Следует отметить, что десять сохранившихся фрагментов из произведения «Об Агафокле» не содержат прямых указаний на сиракузского династа, а лишь эпические, мифические, исторические и эрудитские ссылки, отражающие интересы автора. В сборнике Ф. Якоби фрагменты, относящиеся к произведению самосца об Агафокле, включают F 16 - F 21 и F 56 - F 59. С первой половины XIX века и до конца прошлого столетия критика рассматривала «Об Агафокле» как монографию из четырех книг, основываясь на трех отрывках из Афинея и одном из лексикона Суда, где упоминается, что произведение состояло из четырех книг. В частности, F 16 и F 18 сообщают о второй и третьей книгах, а F 19 и F 20 — о четвертой. Критика также предполагает, что F 17, относящийся к мифу о Ламии, может указывать на то, что история Агафокла могла трансформироваться в монографию о Ливии. В результате анализа F 16, 18, 19, 20 и F 17, 21, Ландуччи Гаттинони предполагает, что эти фрагменты могут происходить из разных традиций, одна из которых указывает на деление на четыре книги, а другая — на тематические секции. Чтобы подтвердить гипотезу о том, что восприятие «Истории Агафокла» как монографии связано с ее отделением от более широкого контекста, Ландуччи Гаттинони анализирует два отрывка из Диодора Сицилийского (XXI, 16, 5-6 и XXI, 17, 3-4). В них упоминаются Тимей, Каллий и Антандр, которые не объективно оценивали тирана: Тимей был предвзят, а Каллий его чрезмерно восхвалял за вознаграждение. Отсутствие ссылок на «Историю Агафокла» Дурида ставит под сомнение его статус среди историков, изучавших Агафокла. Ландуччи Гаттинони утверждает, что «Историю Агафокла» следует рассматривать как монографический экскурс, более уместный в рамках общего произведения, такого как ιστορίαι. По мнению исследовательницы, раздел об Агафокле может быть вставлен в книги XVIII-XXI «Историй» Дурида, так как нет элементов, позволяющих предположить их содержание, кроме того, что они касаются периода IV-III века до н. э., совпадающего с деятельностью Агафокла на Сицилии. Четыре книги «Об Агафокле» могут соответствовать этим книгам. Ландуччи Гаттинони обосновывает это, учитывая предшествующий контекст, посвященный диадохам и политическим связям Агафокла.

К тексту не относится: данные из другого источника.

lemma contr_eq_skew_form_diff_imp_0:
  assumes "skew_form_on V \<alpha>" "skew_form_on W \<beta>" "dim V \<le> 2" "dim W \<le> 2"
    and "contr x = \<alpha> - \<beta>"
  shows "x = 0"
proof -
  \<comment> \<open>a vector \<open>a \<noteq> 0\<close> orthogonal to \<open>V\<close>, \<open>W\<close> and \<open>x\<close> kills \<open>contr x a\<close>,
    although \<open>|x \<times> a|\<^sup>2 = |x|\<^sup>2 |a|\<^sup>2\<close>\<close>
  obtain BV where BV: "independent BV" "V \<subseteq> span BV" "card BV = dim V"
    using basis_exists[of V] by metis
  obtain BW where BW: "independent BW" "W \<subseteq> span BW" "card BW = dim W"
    using basis_exists[of W] by metis
  define S where "S = insert x (BV \<union> BW)"
  have "finite (BV \<union> BW)" using BV(1) BW(1) by (simp add: independent_imp_finite)
  then have "dim S \<le> card S" unfolding S_def by (intro dim_le_card span_superset) simp
  also have "\<dots> \<le> Suc (card (BV \<union> BW))"
    unfolding S_def using \<open>finite (BV \<union> BW)\<close> by (simp add: card_insert_if)
  also have "\<dots> \<le> Suc (card BV + card BW)" using card_Un_le by simp
  finally have "dim S < DIM(real^7)" using BV(3) BW(3) assms(3,4) by simp
  then obtain a where a: "a \<noteq> 0" "\<And>y. y \<in> span S \<Longrightarrow> a \<bullet> y = 0"
    using orthogonal_to_subspace_exists[of S] unfolding orthogonal_def by metis
  have "span BV \<subseteq> span S" "span BW \<subseteq> span S"
    unfolding S_def by (simp_all add: span_mono subset_insertI2)
  then have "\<alpha> a b = 0" "\<beta> a b = 0" for b
    using skew_form_on_orthogonal[OF assms(1)] skew_form_on_orthogonal[OF assms(2)]
      BV(2) BW(2) a(2) by blast+
  then have "contr x a (cross7 x a) = 0" using assms(5) by simp
  then have "cross7 x a \<bullet> cross7 x a = 0" by (simp add: contr_def inner_cross7)
  moreover have "x \<bullet> a = 0" using a(2)[of x] by (simp add: S_def span_base inner_commute)
  ultimately show "x = 0" using cross7_inner_self[of x a] a(1) by simp
qed

section \<open>Associative planes\<close>

lemma associativeD:
  assumes "associative P"
  shows "subspace P" "dim P = 3" "u \<in> P \<Longrightarrow> v \<in> P \<Longrightarrow> cross7 u v \<in> P"
  using assms by (simp_all add: associative_def)

lemma associative_eq_span_cross7:
  assumes "associative P" "p \<in> P" "r \<in> P" "p \<noteq> 0" "r \<noteq> 0" "p \<bullet> r = 0"
  shows "P = span {p, r, cross7 p r}"
proof -
  define z where "z = cross7 p r"
  have sub: "{p, r, z} \<subseteq> P" using assms associativeD(3) unfolding z_def by blast
  have zp: "z \<bullet> p = 0" "z \<bullet> r = 0" unfolding z_def by (simp_all add: cross7_orthogonal)
  have "z \<bullet> z = (p \<bullet> p) * (r \<bullet> r)" unfolding z_def using cross7_inner_self[of p r] assms(6) by simp
  then have "z \<noteq> 0" using assms(4,5) by auto
  then have distinct: "p \<noteq> r" "p \<noteq> z" "r \<noteq> z" using assms(4,5,6) zp by (auto simp: inner_commute)
  have "pairwise orthogonal {p, r, z}" using assms(6) zp
    by (auto simp: pairwise_def orthogonal_def inner_commute)
  then have "independent {p, r, z}"
    using assms(4,5) \<open>z \<noteq> 0\<close> by (intro pairwise_orthogonal_independent) auto
  then have "P \<subseteq> span {p, r, z}"
    using card_ge_dim_independent[OF sub] distinct associativeD(2)[OF assms(1)] by simp
  moreover have "span {p, r, z} \<subseteq> P" using sub associativeD(1)[OF assms(1)] by (rule span_minimal)
  ultimately show ?thesis unfolding z_def by auto
qed

lemma associative_Int_subset_line:
  assumes "associative P" "associative Q" "P \<noteq> Q"
  obtains p where "P \<inter> Q \<subseteq> span {p}"
proof -
  have "subspace (P \<inter> Q)" using associativeD(1) assms(1,2) by (simp add: subspace_inter)
  obtain B where B: "independent B" "B \<subseteq> span (P \<inter> Q)" "P \<inter> Q \<subseteq> span B" "pairwise orthogonal B"
    using orthogonal_basis_exists[of "P \<inter> Q"] by blast
  have BPQ: "B \<subseteq> P \<inter> Q" using B(2) span_eq_iff[THEN iffD2, OF \<open>subspace (P \<inter> Q)\<close>] by simp
  have single: "p = r" if "p \<in> B" "r \<in> B" for p r
  proof (rule ccontr)
    assume "p \<noteq> r"
    then have "p \<bullet> r = 0" using B(4) that by (simp add: pairwise_def orthogonal_def)
    moreover have "p \<noteq> 0" "r \<noteq> 0" using B(1) that dependent_zero by blast+
    moreover have "p \<in> P" "r \<in> P" "p \<in> Q" "r \<in> Q" using BPQ that by auto
    ultimately have "P = span {p, r, cross7 p r}" "Q = span {p, r, cross7 p r}"
      using associative_eq_span_cross7 assms(1,2) by blast+
    then show False using assms(3) by simp
  qed
  show ?thesis
  proof (cases "B = {}")
    case True
    then show ?thesis using B(3) that[of 0] by simp
  next
    case False
    then obtain p where "p \<in> B" by blast
    then have "B \<subseteq> {p}" using single by blast
    then show ?thesis using B(3) that[of p] span_mono by blast
  qed
qed

lemma associative_obtain_cross7:
  assumes "associative P" "v \<in> P"
  obtains x y where "x \<in> P" "y \<in> P" "v = cross7 x y"
proof (cases "v = 0")
  case True
  have "cross7 0 0 = 0" using cross7_scaleR_left[of 0 0 0] by simp
  moreover have "0 \<in> P" using associativeD(1)[OF assms(1)] by (rule subspace_0)
  ultimately show ?thesis using that[of 0 0] True by simp
next
  case False
  have sP: "span P = P" using associativeD(1)[OF assms(1)] by (rule span_eq_iff[THEN iffD2])
  have "span {v} \<subseteq> P" using assms(2) associativeD(1)[OF assms(1)] by (simp add: span_minimal)
  moreover have "dim (span {v}) \<noteq> dim P" using False associativeD(2)[OF assms(1)] by simp
  ultimately have "span {v} \<subset> span P" unfolding sP by (metis psubsetI)
  then obtain w where "w \<noteq> 0" "w \<in> span P" "\<And>y. y \<in> span {v} \<Longrightarrow> orthogonal w y"
    using orthogonal_to_subspace_exists_gen by blast
  then have w: "w \<noteq> 0" "w \<in> P" "orthogonal w v" using sP by (auto intro: span_base)
  have "cross7 ((1 / (w \<bullet> w)) *\<^sub>R w) (cross7 v w) = v"
    using w(1,3) by (simp add: cross7_scaleR_left cross7_cross7 orthogonal_def inner_commute)
  moreover have "(1 / (w \<bullet> w)) *\<^sub>R w \<in> P" "cross7 v w \<in> P"
    using assms w(2) associativeD(1,3)[OF assms(1)] by (simp_all add: subspace_scale)
  ultimately show ?thesis using that by metis
qed

section \<open>The spaces \<open>\<Theta>(P)\<close>\<close>

interpretation form: vector_space "\<lambda>c (f::form2) a b. c * f a b"
  by unfold_locales (simp_all add: fun_eq_iff algebra_simps)

lemma form_span_eq_span: "form_span S = form.span S"
proof -
  have "(\<Sum>g\<in>t. F g) a b = (\<Sum>g\<in>t. F g a b)" for t and F :: "form2 \<Rightarrow> form2" and a b
    by (induction t rule: infinite_finite_induct) auto
  then show ?thesis unfolding form_span_def form.span_explicit by (auto simp: fun_eq_iff)
qed

lemma Lambda2_eq_span: "Lambda2 P = form.span {wedge u v | u v. u \<in> P \<and> v \<in> P}"
  unfolding Lambda2_def form_span_eq_span ..

lemma Lambda2_zero: "0 \<in> Lambda2 P"
  unfolding Lambda2_eq_span by (rule form.span_zero)

lemma Theta_eq_span:
  "Theta P = form.span ({wedge u v | u v. u \<in> P \<and> v \<in> P} \<union> {Psi2 u v | u v. u \<in> P \<and> v \<in> P})"
proof -
  have "(\<lambda>a b. \<alpha> a b + \<beta> a b) = \<alpha> + \<beta>" for \<alpha> \<beta> :: form2
    by (simp add: fun_eq_iff)
  then show ?thesis
    unfolding Theta_def form.span_Un Lambda2_eq_span PsiP_def form_span_eq_span by simp
qed

lemma skew_form_on_wedge:
  assumes "subspace V" "u \<in> V" "v \<in> V"
  shows "skew_form_on V (wedge u v)"
  unfolding skew_form_on_def
proof (intro conjI allI)
  fix a b
  show "wedge u v b a = - wedge u v a b" by (simp add: wedge_def)
  show "\<exists>r\<in>V. \<forall>a. wedge u v a b = r \<bullet> a"
    using assms by (intro bexI[of _ "(v \<bullet> b) *\<^sub>R u - (u \<bullet> b) *\<^sub>R v"])
      (auto simp: wedge_def inner_diff_right inner_commute mult.commute
        subspace_diff subspace_scale)
qed

lemma Lambda2_skew_form_on:
  assumes "subspace P" "\<alpha> \<in> Lambda2 P"
  shows "skew_form_on P \<alpha>"
proof -
  have "form.subspace {f. skew_form_on P f}"
    using assms(1)
    by (auto intro!: form.subspaceI skew_form_on_0 skew_form_on_add skew_form_on_scale)
  moreover have "{wedge u v | u v. u \<in> P \<and> v \<in> P} \<subseteq> {f. skew_form_on P f}"
    using assms(1) skew_form_on_wedge by blast
  ultimately show ?thesis
    using assms(2) form.span_minimal unfolding Lambda2_eq_span by blast
qed

lemma form_subspace_Lambda2_plus_contr:
  assumes "subspace P"
  shows "form.subspace {\<alpha> + contr v | \<alpha> v. \<alpha> \<in> Lambda2 P \<and> v \<in> P}" (is "form.subspace ?T")
proof -
  have T_intro: "\<alpha> + contr v \<in> ?T" if "\<alpha> \<in> Lambda2 P" "v \<in> P" for \<alpha> v
    using that by blast
  show ?thesis
  proof (rule form.subspaceI)
    show "0 \<in> ?T" using T_intro[OF Lambda2_zero subspace_0[OF assms]] by (simp add: contr_linear(1))
  next
    fix f g assume "f \<in> ?T" "g \<in> ?T"
    then obtain \<alpha> v \<beta> w where \<alpha>: "\<alpha> \<in> Lambda2 P" "v \<in> P" "f = \<alpha> + contr v"
      and \<beta>: "\<beta> \<in> Lambda2 P" "w \<in> P" "g = \<beta> + contr w" by blast
    have "f + g = (\<alpha> + \<beta>) + contr (v + w)"
      unfolding \<alpha>(3) \<beta>(3) contr_linear(2) by (simp add: ac_simps)
    also have "\<dots> \<in> ?T" using \<alpha> \<beta>
      by (intro T_intro subspace_add[OF assms]) (simp_all add: Lambda2_eq_span form.span_add)
    finally show "f + g \<in> ?T" .
  next
    fix c f assume "f \<in> ?T"
    then obtain \<alpha> v where \<alpha>: "\<alpha> \<in> Lambda2 P" "v \<in> P" "f = \<alpha> + contr v" by blast
    have "(\<lambda>a b. c * f a b) = (\<lambda>a b. c * \<alpha> a b) + contr (c *\<^sub>R v)"
      unfolding \<alpha>(3) contr_linear(5) by (simp add: fun_eq_iff algebra_simps)
    also have "\<dots> \<in> ?T" using \<alpha>
      by (intro T_intro subspace_scale[OF assms]) (simp_all add: Lambda2_eq_span form.span_scale)
    finally show "(\<lambda>a b. c * f a b) \<in> ?T" .
  qed
qed

lemma Theta_eq:
  assumes "associative P"
  shows "Theta P = {\<alpha> + contr v | \<alpha> v. \<alpha> \<in> Lambda2 P \<and> v \<in> P}" (is "_ = ?T")
proof (rule equalityI)
  let ?W = "{wedge u v | u v. u \<in> P \<and> v \<in> P}" and ?S = "{Psi2 u v | u v. u \<in> P \<and> v \<in> P}"
  have sP: "subspace P" using associativeD(1)[OF assms] .
  have "wedge u v \<in> ?T" "Psi2 u v \<in> ?T" if "u \<in> P" "v \<in> P" for u v
  proof -
    have W: "wedge u v \<in> Lambda2 P"
      unfolding Lambda2_eq_span using that by (blast intro: form.span_base)
    have "0 \<in> P" "- cross7 u v \<in> P"
      using that sP associativeD(3)[OF assms] by (simp_all add: subspace_0 subspace_neg)
    then have T: "wedge u v + contr 0 \<in> ?T" "wedge u v + contr (- cross7 u v) \<in> ?T"
      using W by blast+
    from T(1) show "wedge u v \<in> ?T" by (simp add: contr_linear(1))
    have "Psi2 u v = wedge u v + contr (- cross7 u v)" by (simp add: contr_linear contr_cross7)
    with T(2) show "Psi2 u v \<in> ?T" by (simp only:)
  qed
  then have "?W \<union> ?S \<subseteq> ?T" by blast
  then show "Theta P \<subseteq> ?T"
    unfolding Theta_eq_span
    using form_subspace_Lambda2_plus_contr[OF sP] by (rule form.span_minimal)
  show "?T \<subseteq> Theta P"
  proof
    fix f assume "f \<in> ?T"
    then obtain \<alpha> v where \<alpha>: "\<alpha> \<in> Lambda2 P" "v \<in> P" "f = \<alpha> + contr v" by blast
    obtain x y where xy: "x \<in> P" "y \<in> P" and v: "v = cross7 x y"
      using associative_obtain_cross7[OF assms \<alpha>(2)] .
    have "contr v \<in> form.span (?W \<union> ?S)"
      unfolding v contr_cross7 using xy by (intro form.span_diff form.span_base) blast+
    moreover have "\<alpha> \<in> form.span (?W \<union> ?S)"
      using \<alpha>(1) form.span_mono[of ?W] unfolding Lambda2_eq_span by blast
    ultimately show "f \<in> Theta P" unfolding Theta_eq_span \<alpha>(3) by (rule form.span_add[rotated])
  qed
qed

Рассмотрим основные характеристики исторических трудов о Пирре и Агафокле. В этом контексте фокус внимания смещается на размышления о параллелизме, упомянутом в начале этого раздела, а именно о параллелизме между событиями, описанными в «Истории Пирра» Тимея и «Истории Агафокла» Дурида. Особенно важны четыре момента, которые позволяют говорить о похожих сюжетах у двух историков.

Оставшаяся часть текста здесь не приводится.